───── Recorded data

text \<open>For an \<open>n\<close>-periodic collection, \<open>Hom\<close>-vanishing only has to be tested on single
  crossings with \<open>\<Sigma>\<^sup>-\<^sup>1\<close>-shifted arcs. If \<open>X\<close> contains an arc longer than \<open>n\<close>, then
  \<open>X = \<^sup>\<perp>(X\<^sup>\<perp>)\<close> lets us lengthen it by \<open>n\<close> again and again (a crossing of the
  lengthened arc is a crossing of the arc or of its translate by \<open>n\<close>), so \<open>X\<close> has arcs of
  every length; any arc of \<open>X\<^sup>\<perp>\<close> longer than \<open>n\<close> would then be crossed by a translate of one
  of them. If all arcs of \<open>X\<close> have length at most \<open>n\<close>, some point \<open>e\<close> lies under no arc of
  \<open>X\<close> (otherwise the shifted arcs of \<open>X\<^sup>\<perp>\<close> would cover every point too, while a
  covering by arcs of bounded length is crossed by every other covering), and then all arcs starting at \<open>e - 1\<close> and
  of length a multiple \<open>\<ge> 2\<close> of \<open>n\<close> lie in \<open>X\<^sup>\<perp>\<close>.\<close>

definition translate :: "int \<Rightarrow> arc \<Rightarrow> arc" where
  "translate t a = (fst a + t, snd a + t)"

definition arc_length :: "arc \<Rightarrow> int" where
  "arc_length a = snd a - fst a"

definition encloses :: "arc \<Rightarrow> int \<Rightarrow> bool" where
  "encloses a e \<longleftrightarrow> fst a < e \<and> e < snd a"

lemma fst_translate [simp]: "fst (translate t a) = fst a + t"
  and snd_translate [simp]: "snd (translate t a) = snd a + t"
  by (simp_all add: translate_def)

lemma translate_translate [simp]: "translate s (translate t a) = translate (t + s) a"
  by (simp add: translate_def algebra_simps)

lemma translate_0 [simp]: "translate 0 a = a"
  by (simp add: translate_def)

lemma arc_length_translate [simp]: "arc_length (translate t a) = arc_length a"
  by (simp add: arc_length_def)

lemma level_eq_arc_length: "level a = arc_length a - 1"
  by (simp add: level_def arc_length_def)

lemma crosses_translate [simp]: "crosses (translate t a) (translate t b) \<longleftrightarrow> crosses a b"
  by (auto simp: crosses_def)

──────────

→ How to complete this task
Lines with "encloses" in them are what the answer must contain; copy each from the records above.

→ Exercise solution
definition encloses :: "arc \<Rightarrow> int \<Rightarrow> bool" where
  "encloses a e \<longleftrightarrow> fst a < e \<and> e < snd a"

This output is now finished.